The test item was tested in a Mammalian Gene Mutation Test in CHO cells according to OECD guideline 476. The test item was dissolved in DMSO and the following concentrations were selected on the basis of cytotoxicity investigations made in a preliminary study (without and with metabolic activation using S9 mix of phenobarbital and β-naphthoflavone induced rat liver).

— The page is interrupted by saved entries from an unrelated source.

(* Consider the single-camp, two-phase problem with bias-dependent camp weights described in the context: maximize $\sum_i v_i^{(2)}$ over nonnegative vectors $\mathbf{x^{(1)}},\mathbf{x^{(2)}}\in\mathbb{R}^n$ with $\sum_i x_i^{(1)}+\sum_i x_i^{(2)}\le k_g$. There is an algorithm running in time polynomial in $n$ that computes an optimal solution, i.e., an optimal split of the budget between the two phases together with optimal investments on the nodes in each phase.
   Context: A social network has node set $N=\{1,\dots,n\}$ and a real $n\times n$ matrix $\mathbf{w}=(w_{ij})$ with $\sum_j|w_{ij}|<1$ for every $i$; write $\Delta=(\mathbf{I}-\mathbf{w})^{-1}$. Each node $i$ has an initial opinion $v_i^0$, a bias weight $w_{ii}^0$, and a total camp weight $\theta_i$. There is a single (good) camp with budget $k_g\ge 0$ choosing investments $\mathbf{x^{(1)}},\mathbf{x^{(2)}}\ge 0$ in phases 1 and 2. Opinions evolve by $\mathbf{v^{(0)}}=\mathbf{v^0}$ and for $p=1,2$: $\mathbf{v^{(p)}}=\Delta(\mathbf{w^0}\circ\mathbf{v^{(p-1)}}+\mathbf{w_g^{(p)}}\circ\mathbf{x^{(p)}})$, where $\circ$ is the entrywise product, $\mathbf{w^0}=(w_{ii}^0)_i$, and $w_{ig}^{(p)}=\theta_i\frac{1+w_{ii}^0 v_i^{(p-1)}}{2}$. The input data are $\mathbf{w},\mathbf{w^0},\mathbf{v^0},(\theta_i)_i,k_g$, and running time is measured in arithmetic operations. *)

theory Defs
  imports Complex_Main
begin

definition matinv :: "nat \<Rightarrow> (nat \<Rightarrow> nat \<Rightarrow> real) \<Rightarrow> (nat \<Rightarrow> nat \<Rightarrow> real)" where
  "matinv n A = (THE B. (\<forall>i j. (n \<le> i \<or> n \<le> j) \<longrightarrow> B i j = 0)
      \<and> (\<forall>i<n. \<forall>j<n. (\<Sum>k<n. A i k * B k j) = (if i = j then 1 else 0))
      \<and> (\<forall>i<n. \<forall>j<n. (\<Sum>k<n. B i k * A k j) = (if i = j then 1 else 0)))"

definition Delta :: "nat \<Rightarrow> (nat \<Rightarrow> nat \<Rightarrow> real) \<Rightarrow> (nat \<Rightarrow> nat \<Rightarrow> real)" where
  "Delta n w = matinv n (\<lambda>i j. (if i = j then 1 else 0) - w i j)"

definition camp_weight :: "(nat \<Rightarrow> real) \<Rightarrow> (nat \<Rightarrow> real) \<Rightarrow> (nat \<Rightarrow> real) \<Rightarrow> nat \<Rightarrow> real" where
  "camp_weight w0 theta v i = theta i * (1 + w0 i * v i) / 2"

definition phase :: "nat \<Rightarrow> (nat \<Rightarrow> nat \<Rightarrow> real) \<Rightarrow> (nat \<Rightarrow> real) \<Rightarrow> (nat \<Rightarrow> real)
    \<Rightarrow> (nat \<Rightarrow> real) \<Rightarrow> (nat \<Rightarrow> real) \<Rightarrow> (nat \<Rightarrow> real)" where
  "phase n w w0 theta v x = (\<lambda>i. \<Sum>j<n. Delta n w i j * (w0 j * v j + camp_weight w0 theta v j * x j))"

definition opinions2 :: "nat \<Rightarrow> (nat \<Rightarrow> nat \<Rightarrow> real) \<Rightarrow> (nat \<Rightarrow> real) \<Rightarrow> (nat \<Rightarrow> real)
    \<Rightarrow> (nat \<Rightarrow> real) \<Rightarrow> (nat \<Rightarrow> real) \<Rightarrow> (nat \<Rightarrow> real) \<Rightarrow> (nat \<Rightarrow> real)" where
  "opinions2 n w w0 v0 theta x1 x2 = phase n w w0 theta (phase n w w0 theta v0 x1) x2"

definition objective :: "nat \<Rightarrow> (nat \<Rightarrow> nat \<Rightarrow> real) \<Rightarrow> (nat \<Rightarrow> real) \<Rightarrow> (nat \<Rightarrow> real)
    \<Rightarrow> (nat \<Rightarrow> real) \<Rightarrow> (nat \<Rightarrow> real) \<Rightarrow> (nat \<Rightarrow> real) \<Rightarrow> real" where
  "objective n w w0 v0 theta x1 x2 = (\<Sum>i<n. opinions2 n w w0 v0 theta x1 x2 i)"

definition feasible :: "nat \<Rightarrow> real \<Rightarrow> (nat \<Rightarrow> real) \<Rightarrow> (nat \<Rightarrow> real) \<Rightarrow> bool" where
  "feasible n k x1 x2 \<longleftrightarrow> (\<forall>i<n. 0 \<le> x1 i \<and> 0 \<le> x2 i)
      \<and> (\<Sum>i<n. x1 i) + (\<Sum>i<n. x2 i) \<le> k"

definition optimal :: "nat \<Rightarrow> (nat \<Rightarrow> nat \<Rightarrow> real) \<Rightarrow> (nat \<Rightarrow> real) \<Rightarrow> (nat \<Rightarrow> real)
    \<Rightarrow> (nat \<Rightarrow> real) \<Rightarrow> real \<Rightarrow> (nat \<Rightarrow> real) \<Rightarrow> (nat \<Rightarrow> real) \<Rightarrow> bool" where
  "optimal n w w0 v0 theta k x1 x2 \<longleftrightarrow> feasible n k x1 x2 \<and>
     (\<forall>y1 y2. feasible n k y1 y2 \<longrightarrow>
        objective n w w0 v0 theta y1 y2 \<le> objective n w w0 v0 theta x1 x2)"

text \<open>Memory cells hold reals. Integer constants, the four field operations
  (division by zero is an error), comparison-based jumps, and indirect addressing
  (only through cells holding natural numbers).\<close>
datatype instr =
    Const nat int
  | Add nat nat nat
  | Sub nat nat nat
  | Mul nat nat nat
  | Div nat nat nat
  | Load nat nat      (* m[i] := m[m[j]] *)
  | Store nat nat     (* m[m[j]] := m[i] *)
  | JmpLess nat nat nat  (* if m[j] < m[k] goto t *)
  | Jmp nat
  | Halt

type_synonym config = "nat \<times> (nat \<Rightarrow> real)"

Two independent main experiments (both run in duplicate) were performed at the concentrations and treatment intervals given below:


 


Experiment 1, 5-hour treatment period without S9 mix:


20, 25, 30, 35, 40, 42.5, 45* and 47.5* μg/mL


 


Experiment 1, 5-hour treatment period with S9 mix:


50, 60, 70, 80, 90 and 100* μg/mL


 


Experiment 2, 20-hour treatment period without S9 mix:


20, 25, 27.5, 30, 32.5, 35 and 37.5* μg/mL


 


Experiment 2, 5-hour treatment period with S9 mix:


50, 60, 70, 80, 90 and 100* μg/mL


 


*: These concentrations were tested but were very toxic and there were not enough cells to start the phenotypic expression period after the treatment.


 


The test item tested both without and with metabolic activation (S9 mix), did not induce increases in mutant frequency over the background (negative solvent control) in this in vitro test in Chinese hamster ovary cells, when tested up to cytotoxic concentrations.


Thus, the test item was not mutagenic under the conditions of this study.

Justification for classification or non-classification

Based on the available results the test substance was not classified and labelled for genotoxicity according to Regulation (EC) No 1272/2008 (CLP), as amended fo the fifteenth time in Regulation (EU) 2020/1182.